Jeremy: Well like I write the songs, generally, like I write the foundation of the songs and direct what makes the cut and how the album is gonna sound. And I manage the band. And Seth handles most of the actual recording process like catching the sounds and mixing, and playing producer at large. And Bree handles all the artwork, she did all the art for the album. I also generally think of Bree as the final stamp of approval on things that happen. If we have any disagreement on stuff she’s usually the one to finally say if something is good or not. She’s like quality control.
Bree: Yeah, I’m hard to please. So that is not always a good thing. I’m hard to live with.
Seth: Bree also does all the merch.
Jeremy: Bree does all the visual elements of the band.
I mean the three of you then, you’re all a little hard to please. The high standard is there, right?
Jeremy: I think so. I think we put a lot of pressure on ourselves and we have a lot of personal expectations in each of our fields that we’re working in. So yeah, I think we’ve set a really high bar for ourselves.

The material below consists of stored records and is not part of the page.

text \<open>Translating C by one of its points c turns it into an \<O>-submodule M of K^d, and aff C - c
  into a subset of K\<cdot>M = {am | a \<in> K, m \<in> M}. By induction on the coordinates, an \<O>-submodule M
  contains every sufficiently small element of K\<cdot>M; this is openness of C in aff C.
  For closedness, let y \<notin> C, w = y - c and N = M + \<O>w, and fix a0 with \<nu>(a0) < 0 (if there is
  none, the topology is discrete). If x \<in> C is close enough to y, then a0(x - y) is a small element
  of K\<cdot>N, hence a0(x - y) = m' + bw with m' \<in> M and b \<in> \<O>. As a0 + b \<noteq> 0, this puts w in K\<cdot>M;
  then y - x = w - (x - c), being small and in K\<cdot>M, lies in M, whence y \<in> C.\<close>

lemma valuation_mult: "valuation v \<Longrightarrow> x \<noteq> 0 \<Longrightarrow> y \<noteq> 0 \<Longrightarrow> v (x * y) = v x + v y"
  unfolding valuation_def by blast

lemma valuation_add:
  "valuation v \<Longrightarrow> x \<noteq> 0 \<Longrightarrow> y \<noteq> 0 \<Longrightarrow> x + y \<noteq> 0 \<Longrightarrow> min (v x) (v y) \<le> v (x + y)"
  unfolding valuation_def by blast

lemma valuation_one: "valuation v \<Longrightarrow> v 1 = 0"
  using valuation_mult[of v 1 1] by simp

lemma valuation_minus_one: "valuation v \<Longrightarrow> v (-1) = 0"
  using valuation_mult[of v "-1" "-1"] valuation_one[of v] by simp

lemma valuation_minus: "valuation v \<Longrightarrow> v (- x) = v x"
  using valuation_mult[of v "-1" x] valuation_minus_one[of v] by (cases "x = 0") auto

Seth: I say it a lot, this isn’t completely relevant, that bad music is better than mediocre music. There’s a lot of really boring art in general that’s not really taking any risks or is just really middle of the road, and I don’t think we wanna half ass what we’re doing. That goes back into taking time with the album.
Bree: I feel like we’ve done this long enough as a band that that’s kind of where we’re each at in our lives. That we want to take it seriously and not that we’re proving anything to anyone but holding ourselves up to higher standards and wanting to keep growing and not stagnate. As a team.
Jeremy: We put a lot of pressure on ourselves to continue to do better all the time. Like all elements of being a band. I feel like I put a lot of pressure on myself to justify all the sacrifice that goes into the band. Maybe it’s a vicious circle sometimes, but if we’re putting so much of ourselves, so much time and heart and resources into this, we want it to be the best we can make it all the time. Maybe it sounds mean, or cocky, or egotistical or something, but I don’t mean for it to be like that. It’s more about proving things to ourselves.
I don’t think it sounds that way at all. Is it a way of holding each other accountable because you all have those high standards?
Seth: I don’t feel like we necessarily push each other as much as we just are pushing ourselves.
Jeremy: We all think in a similar way and are working together. It’s more of a mutual effort and understanding than we’re actually putting pressure on each other. Because the work relationship is usually pretty lowkey actually.
To be honest, you’re not making it sound that way.
Jeremy: Well we’re not critiquing each other all the time or anything. It’s more like each of us is working hard and we see each other working hard and so we keep working harder ourselves. We’re all here together.
Seth: It’s more of a symbiotic relationship.
Jeremy: [laughs] and synergy.
Y’all are using your SAT words I see.
Seth: We’re all just trying to do our part as best as we can. Just do what you can, expect the most of yourself, and don’t put so much pressure on everyone else. Because that’s not necessarily gonna help. Everyone is their own worst critic and I think we’re somewhat aware of that. At least in this context.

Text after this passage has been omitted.